Give back an exact copy of the lines below, from the first through the line with "(nat \<Rightarrow> nat \<Rightarrow> real) \<Rightarrow> (nat"; please stop there.

[Data listing]

(* Let $c\ge1$ be an integer and $\lambda,\mu,\alpha>0$ with $\lambda<c\mu$. Consider the $(c+1)\times(c+1)$ matrices (rows and columns indexed $0,\dots,c$) $Q_1=\lambda I$, $Q_{-1}=\mathrm{diag}(0,\mu,2\mu,\dots,c\mu)$, and $Q_0$ upper bidiagonal with diagonal entries $(Q_0)_{j,j}=-q_j$, $q_j=\lambda+(c-j)\alpha+j\mu$, superdiagonal entries $(Q_0)_{j,j+1}=(c-j)\alpha$ ($j=0,\dots,c-1$), and all other entries $0$. Let $R=(r_{i,j})$ be the minimal nonnegative solution of $Q_1+RQ_0+R^2Q_{-1}=O$. Then $R$ is upper triangular, its diagonal entries are $$r_{0,0}=\frac{\lambda}{\lambda+c\alpha},\quad r_{c,c}=\frac{\lambda}{c\mu},\quad r_{i,i}=\frac{\lambda+i\mu+(c-i)\alpha-\sqrt{(\lambda+i\mu+(c-i)\alpha)^2-4i\lambda\mu}}{2i\mu}\ (1\le i\le c-1),$$ and for $0\le i<j\le c$, $$r_{i,j}=\frac{(c-j+1)\alpha\, r_{i,j-1}+j\mu\sum_{k=i+1}^{j-1}r_{i,k}r_{k,j}}{\lambda+(c-j)\alpha+j\mu-j\mu(r_{i,i}+r_{j,j})}.$$
   Context: $Q_{1},Q_0,Q_{-1}$ are the level-up, local and level-down blocks of the homogeneous part (levels $\ge c$, level = number of jobs, phase = number of busy servers) of the QBD generator of the M/M/$c$ queue with exponential setup times under the ON-OFF policy; $R$ is the rate matrix of that homogeneous part. *)

theory Defs
  imports Complex_Main
begin

text \<open>Matrices of size (c+1) x (c+1), rows and columns indexed 0..c, represented as
  functions nat => nat => real; only entries with indices in {0..c} are meaningful.\<close>

definition mmul :: "nat \<Rightarrow> (nat \<Rightarrow> nat \<Rightarrow> real) \<Rightarrow> (nat \<Rightarrow> nat \<Rightarrow> real) \<Rightarrow> (nat \<Rightarrow> nat \<Rightarrow> real)" where
  "mmul c A B = (\<lambda>i j. \<Sum>k=0..c. A i k * B k j)"

definition Qup :: "real \<Rightarrow> nat \<Rightarrow> nat \<Rightarrow> real" where
  "Qup lam = (\<lambda>i j. if i = j then lam else 0)"

definition Qdown :: "real \<Rightarrow> nat \<Rightarrow> nat \<Rightarrow> real" where
  "Qdown mu = (\<lambda>i j. if i = j then real j * mu else 0)"

definition Qloc :: "nat \<Rightarrow> real \<Rightarrow> real \<Rightarrow> real \<Rightarrow> nat \<Rightarrow> nat \<Rightarrow> real" where
  "Qloc c lam mu al = (\<lambda>i j.
     if i = j then - (lam + real (c - j) * al + real j * mu)
     else if j = i + 1 then real (c - i) * al else 0)"

definition nonneg_mat :: "nat \<Rightarrow> (nat \<Rightarrow> nat \<Rightarrow> real) \<Rightarrow> bool" where
  "nonneg_mat c R \<longleftrightarrow> (\<forall>i\<le>c. \<forall>j\<le>c. 0 \<le> R i j)"

definition solves_R_eq :: "nat \<Rightarrow> real \<Rightarrow> real \<Rightarrow> real \<Rightarrow> (nat \<Rightarrow> nat \<Rightarrow> real) \<Rightarrow> bool" where
  "solves_R_eq c lam mu al R \<longleftrightarrow>
     (\<forall>i\<le>c. \<forall>j\<le>c. Qup lam i j + mmul c R (Qloc c lam mu al) i j
                      + mmul c (mmul c R R) (Qdown mu) i j = 0)"

definition minimal_nonneg_solution :: "nat \<Rightarrow> real \<Rightarrow> real \<Rightarrow> real \<Rightarrow> (nat \<Rightarrow> nat \<Rightarrow> real) \<Rightarrow> bool" where
  "minimal_nonneg_solution c lam mu al R \<longleftrightarrow>
     nonneg_mat c R \<and> solves_R_eq c lam mu al R \<and>
     (\<forall>S. nonneg_mat c S \<and> solves_R_eq c lam mu al S \<longrightarrow> (\<forall>i\<le>c. \<forall>j\<le>c. R i j \<le> S i j))"

end

theory Submission
  imports Defs
begin

text \<open>An explicit nonnegative upper triangular solution is built entrywise: on the diagonal the
  smaller root of the scalar quadratic \<open>i\<mu> x\<^sup>2 - q\<^sub>i x + \<lambda>\<close>, above the diagonal the
  entry obtained by solving the \<open>(i,j)\<close> equation, in which it occurs linearly with a positive
  coefficient. The minimal solution lies between \<open>0\<close> and this one, hence is upper triangular,
  and then the matrix equation decouples: each diagonal entry is a root of the same quadratic not
  exceeding the smaller one, hence equal to it, and the entries above the diagonal obey the
  recursion.\<close>

lemma mmul_Qloc:
  assumes "j \<le> c"
  shows "mmul c M (Qloc c lam mu al) i j
    = (if j = 0 then 0 else real (c - j + 1) * al * M i (j - 1))
      - (lam + real (c - j) * al + real j * mu) * M i j"
proof -
  let ?q = "lam + real (c - j) * al + real j * mu"
  have "Qloc c lam mu al k j
      = (if k = j then - ?q else 0) + (if Suc k = j then real (c - k) * al else 0)" for k
    by (auto simp: Qloc_def)
  then have "mmul c M (Qloc c lam mu al) i j
      = (\<Sum>k=0..c. M i k * (if k = j then - ?q else 0))
        + (\<Sum>k=0..c. M i k * (if Suc k = j then real (c - k) * al else 0))"
    by (simp add: mmul_def distrib_left sum.distrib)
  also have "(\<Sum>k=0..c. M i k * (if k = j then - ?q else 0)) = - ?q * M i j"
    using assms by (simp add: if_distrib cong: if_cong)
  also have "(\<Sum>k=0..c. M i k * (if Suc k = j then real (c - k) * al else 0))
      = (if j = 0 then 0 else real (c - j + 1) * al * M i (j - 1))"
    using assms by (cases j) (auto simp: Suc_diff_Suc if_distrib cong: if_cong)
  finally show ?thesis by (simp add: algebra_simps)
qed

lemma mmul_Qdown:
  assumes "j \<le> c"
  shows "mmul c M (Qdown mu) i j = real j * mu * M i j"
  using assms by (simp add: mmul_def Qdown_def if_distrib cong: if_cong)

lemma R_eq_entry:
  assumes "j \<le> c"
  shows "Qup lam i j + mmul c M (Qloc c lam mu al) i j + mmul c (mmul c M M) (Qdown mu) i j
    = (if i = j then lam else 0) + (if j = 0 then 0 else real (c - j + 1) * al * M i (j - 1))
      - (lam + real (c - j) * al + real j * mu) * M i j + real j * mu * mmul c M M i j"
  using assms by (simp add: mmul_Qloc mmul_Qdown Qup_def)

definition upper_triangular :: "nat \<Rightarrow> (nat \<Rightarrow> nat \<Rightarrow> real) \<Rightarrow> bool" where
  "upper_triangular c M \<longleftrightarrow> (\<forall>i\<le>c. \<forall>j\<le>c. j < i \<longrightarrow> M i j = 0)"

lemma upper_triangular_mmul_below:
  assumes "upper_triangular c M" "j < i" "i \<le> c"
  shows "mmul c M M i j = 0"
  unfolding mmul_def
proof (rule sum.neutral, rule ballI)
  fix k assume "k \<in> {0..c}"
  then show "M i k * M k j = 0"
    using assms unfolding upper_triangular_def by (cases "k < i") auto
qed

lemma upper_triangular_mmul_from_to:
  assumes "upper_triangular c M" "i \<le> j" "j \<le> c"
  shows "mmul c M M i j = (\<Sum>k=i..j. M i k * M k j)"
  unfolding mmul_def
proof (rule sum.mono_neutral_right)
  show "\<forall>k\<in>{0..c} - {i..j}. M i k * M k j = 0"
    using assms unfolding upper_triangular_def by auto
qed (use assms in auto)

lemma upper_triangular_mmul_diag:
  assumes "upper_triangular c M" "i \<le> c"
  shows "mmul c M M i i = (M i i)\<^sup>2"
  using upper_triangular_mmul_from_to[OF assms(1) order_refl assms(2)]
  by (simp add: power2_eq_square)

lemma upper_triangular_mmul_above:
  assumes "upper_triangular c M" "i < j" "j \<le> c"
  shows "mmul c M M i j = M i i * M i j + M i j * M j j + (\<Sum>k=i+1..j-1. M i k * M k j)"
proof -
  have "{i..j} = insert i (insert j {i+1..j-1})"
    using assms(2) by auto
  then show ?thesis
    using upper_triangular_mmul_from_to[OF assms(1) less_imp_le[OF assms(2)] assms(3)] assms(2)
    by (simp add: algebra_simps)
qed

lemma upper_triangular_R_eq_below:
  assumes "upper_triangular c M" "j < i" "i \<le> c"
  shows "Qup lam i j + mmul c M (Qloc c lam mu al) i j + mmul c (mmul c M M) (Qdown mu) i j = 0"
proof -
  have "j \<le> c" using assms(2,3) by simp
  then show ?thesis
    unfolding R_eq_entry[OF \<open>j \<le> c\<close>]
    using assms upper_triangular_mmul_below[OF assms] by (auto simp: upper_triangular_def)
qed

lemma upper_triangular_R_eq_diag:
  assumes "upper_triangular c M" "i \<le> c"
  shows "Qup lam i i + mmul c M (Qloc c lam mu al) i i + mmul c (mmul c M M) (Qdown mu) i i
    = real i * mu * (M i i)\<^sup>2 - (lam + real i * mu + real (c - i) * al) * M i i + lam"
  unfolding R_eq_entry[OF assms(2)] upper_triangular_mmul_diag[OF assms]
  using assms by (auto simp: upper_triangular_def algebra_simps)

lemma upper_triangular_R_eq_above:
  assumes "upper_triangular c M" "i < j" "j \<le> c"
  shows "Qup lam i j + mmul c M (Qloc c lam mu al) i j + mmul c (mmul c M M) (Qdown mu) i j
    = real (c - j + 1) * al * M i (j - 1) + real j * mu * (\<Sum>k=i+1..j-1. M i k * M k j)
      - M i j * (lam + real (c - j) * al + real j * mu - real j * mu * (M i i + M j j))"
  unfolding R_eq_entry[OF assms(3)] upper_triangular_mmul_above[OF assms]
  using assms(2) by (simp add: algebra_simps)

lemma upper_triangular_solution_above:
  assumes "upper_triangular c M" "solves_R_eq c lam mu al M" "i < j" "j \<le> c"
    and "lam + real (c - j) * al + real j * mu - real j * mu * (M i i + M j j) \<noteq> 0"
  shows "M i j = (real (c - j + 1) * al * M i (j - 1) + real j * mu * (\<Sum>k=i+1..j-1. M i k * M k j))
    / (lam + real (c - j) * al + real j * mu - real j * mu * (M i i + M j j))"
  using assms upper_triangular_R_eq_above[OF assms(1,3,4), of lam mu al]
  unfolding solves_R_eq_def by (simp add: field_simps)

text \<open>The smaller root \<open>x\<close> of \<open>a t\<^sup>2 - q t + b\<close> is characterised by \<open>2 a x < q\<close>;
  allowing \<open>a = 0\<close> covers the linear equation of the diagonal entry \<open>r\<^sub>0\<^sub>0\<close> as well.\<close>

lemma smaller_root_le:
  fixes a b q x t :: real
  assumes "0 \<le> a" "a * x\<^sup>2 - q * x + b = 0" "2 * a * x < q" "a * t\<^sup>2 - q * t + b \<le> 0"
  shows "x \<le> t"
proof (rule ccontr)
  assume "\<not> x \<le> t"
  then have "t < x" by simp
  moreover have "a * (t + x) - q < 0"
    using \<open>t < x\<close> assms(1,3) mult_left_mono[of t x a] by (simp add: distrib_left)
  ultimately have "0 < (t - x) * (a * (t + x) - q)"
    by (simp add: mult_neg_neg)
  also have "(t - x) * (a * (t + x) - q) = (a * t\<^sup>2 - q * t + b) - (a * x\<^sup>2 - q * x + b)"
    by (simp add: power2_eq_square algebra_simps)
  finally show False using assms(2,4) by simp
qed
(* Let $A \in \mathbb{C}^{m \times p}$, $y \in \mathbb{C}^{m}$, patch-extraction operators $P_1,\dots,P_N \in \{0,1\}^{n \times p}$, and $\nu,\eta,C>0$. Let $$g(W,B,x) = \nu\|Ax-y\|_2^2 + \varphi(W) + \chi(x) + \sum_{j=1}^N \left\{ \|W P_j x - b_j\|_2^2 + \eta^2 \|b_j\|_0\right\},$$ with $\varphi(W)=0$ if $W^HW=I$ and $+\infty$ otherwise, $\chi(x)=0$ if $\|x\|_2\le C$ and $+\infty$ otherwise. For each initialization $(W^0,B^0,x^0)$, the iterate sequence of Algorithm A1 (described in the context) converges to an equivalence class (all members achieving the same objective value) of critical points $(W,B,x)$ of $g$ that are also partial minimizers, satisfying: $x \in \arg\min_{\tilde x} g(W,B,\tilde x)$, $W \in \arg\min_{\tilde W} g(\tilde W,B,x)$, $B\in\arg\min_{\tilde B} g(W,\tilde B,x)$, and $g(W,B+\Delta B,x+\Delta x)\ge g(W,B,x)$ for all $\Delta x\in\mathbb{C}^p$ and all $\Delta B\in\mathbb{C}^{n\times N}$ with $\|\Delta B\|_\infty<\eta/2$.
   Context: $B=[b_1|\cdots|b_N]\in\mathbb{C}^{n\times N}$; $\|b\|_0$ counts nonzeros; $\|H\|_\infty=\max_{i,j}|H_{ij}|$. A critical point is a generalized stationary point of $g$ ($0$ in the limiting subdifferential). $H_\eta$ is entrywise hard thresholding: $(H_\eta(\alpha))_i=0$ if $|\alpha_i|<\eta$, $=\alpha_i$ if $|\alpha_i|\ge\eta$. Algorithm A1: for $t=1,2,\dots$, with exact computations: (1) with $X=[P_1x^{t-1}|\cdots|P_Nx^{t-1}]$ and full SVD $X(B^{t-1})^H=U\Sigma V^H$, set $W^t=VU^H$; (2) $b_j^t=H_\eta(W^tP_jx^{t-1})$ for all $j$; (3) $x^t$ is a global minimizer of $\nu\|Ax-y\|_2^2+\sum_j\|W^tP_jx-b_j^t\|_2^2$ subject to $\|x\|_2\le C$. *)

theory Defs
  imports "HOL-Analysis.Analysis"
begin
(* For every $n\ge 2$, under the Yule model, $$E_Y(D_n)=2n(n+1)\sum_{i=2}^n\frac1i-2n(n-1).$$
   Context: $\mathcal{BT}_n$ is the set of binary phylogenetic trees with leaves bijectively labeled by $\{1,\dots,n\}$ (rooted, every internal node with exactly two children). For leaves $i,j$ of $T$, the nodal distance $d_T(i,j)$ is the number of edges of the undirected path between them, and the total area is $D(T)=\sum_{1\le i<j\le n}d_T(i,j)$. $D_n$ is $D(T)$ for random $T\in\mathcal{BT}_n$. Under the Yule model $T$ has probability $P_Y(T)=\frac{2^{n-1}}{n!}\prod_{v\in V_{int}(T)}\frac{1}{\kappa_T(v)-1}$, with $V_{int}(T)$ the internal nodes and $\kappa_T(v)$ the number of leaves below $v$; $E_Y$ denotes expectation under it. *)

theory Defs
  imports Complex_Main
begin

text \<open>A phylogenetic tree is unordered;
  we represent each one by its unique canonical ordered representative, in which
  for every internal node the smallest leaf label of the left subtree is smaller
  than the smallest leaf label of the right subtree.\<close>

datatype ltree = Leaf nat | Node ltree ltree

fun leaves :: "ltree \<Rightarrow> nat list" where
  "leaves (Leaf a) = [a]"
| "leaves (Node l r) = leaves l @ leaves r"

fun canonical :: "ltree \<Rightarrow> bool" where
  "canonical (Leaf a) = True"
| "canonical (Node l r) =
     (canonical l \<and> canonical r \<and> Min (set (leaves l)) < Min (set (leaves r)))"

definition BT :: "nat \<Rightarrow> ltree set" where
  "BT n = {t. distinct (leaves t) \<and> set (leaves t) = {1..n} \<and> canonical t}"

fun depth :: "ltree \<Rightarrow> nat \<Rightarrow> nat" where
  "depth (Leaf a) i = 0"
| "depth (Node l r) i =
     (if i \<in> set (leaves l) then depth l i + 1 else depth r i + 1)"

fun nodal_dist :: "ltree \<Rightarrow> nat \<Rightarrow> nat \<Rightarrow> nat" where
  "nodal_dist (Leaf a) i j = 0"
| "nodal_dist (Node l r) i j =
     (if i \<in> set (leaves l) \<and> j \<in> set (leaves l) then nodal_dist l i j
      else if i \<in> set (leaves r) \<and> j \<in> set (leaves r) then nodal_dist r i j
      else depth (Node l r) i + depth (Node l r) j)"

definition total_area :: "nat \<Rightarrow> ltree \<Rightarrow> real" where
  "total_area n t = (\<Sum>i\<in>{1..n}. \<Sum>j\<in>{i<..n}. real (nodal_dist t i j))"

fun int_prod :: "ltree \<Rightarrow> real" where
  "int_prod (Leaf a) = 1"
| "int_prod (Node l r) =
     (1 / (real (length (leaves (Node l r))) - 1)) * int_prod l * int_prod r"

definition yule_prob :: "nat \<Rightarrow> ltree \<Rightarrow> real" where
  "yule_prob n t = 2 ^ (n - 1) / fact n * int_prod t"

definition expected_area_yule :: "nat \<Rightarrow> real" where
  "expected_area_yule n = (\<Sum>t\<in>BT n. yule_prob n t * total_area n t)"

end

[/Data listing]

■ Response to this exercise ■
(* Let $c\ge1$ be an integer and $\lambda,\mu,\alpha>0$ with $\lambda<c\mu$. Consider the $(c+1)\times(c+1)$ matrices (rows and columns indexed $0,\dots,c$) $Q_1=\lambda I$, $Q_{-1}=\mathrm{diag}(0,\mu,2\mu,\dots,c\mu)$, and $Q_0$ upper bidiagonal with diagonal entries $(Q_0)_{j,j}=-q_j$, $q_j=\lambda+(c-j)\alpha+j\mu$, superdiagonal entries $(Q_0)_{j,j+1}=(c-j)\alpha$ ($j=0,\dots,c-1$), and all other entries $0$. Let $R=(r_{i,j})$ be the minimal nonnegative solution of $Q_1+RQ_0+R^2Q_{-1}=O$. Then $R$ is upper triangular, its diagonal entries are $$r_{0,0}=\frac{\lambda}{\lambda+c\alpha},\quad r_{c,c}=\frac{\lambda}{c\mu},\quad r_{i,i}=\frac{\lambda+i\mu+(c-i)\alpha-\sqrt{(\lambda+i\mu+(c-i)\alpha)^2-4i\lambda\mu}}{2i\mu}\ (1\le i\le c-1),$$ and for $0\le i<j\le c$, $$r_{i,j}=\frac{(c-j+1)\alpha\, r_{i,j-1}+j\mu\sum_{k=i+1}^{j-1}r_{i,k}r_{k,j}}{\lambda+(c-j)\alpha+j\mu-j\mu(r_{i,i}+r_{j,j})}.$$
   Context: $Q_{1},Q_0,Q_{-1}$ are the level-up, local and level-down blocks of the homogeneous part (levels $\ge c$, level = number of jobs, phase = number of busy servers) of the QBD generator of the M/M/$c$ queue with exponential setup times under the ON-OFF policy; $R$ is the rate matrix of that homogeneous part. *)

theory Defs
  imports Complex_Main
begin

text \<open>Matrices of size (c+1) x (c+1), rows and columns indexed 0..c, represented as
  functions nat => nat => real; only entries with indices in {0..c} are meaningful.\<close>

definition mmul :: "nat \<Rightarrow> (nat \<Rightarrow> nat \<Rightarrow> real) \<Rightarrow> (nat \<Rightarrow> nat \<Rightarrow> real) \<Rightarrow> (nat \<Rightarrow> nat \<Rightarrow> real)" where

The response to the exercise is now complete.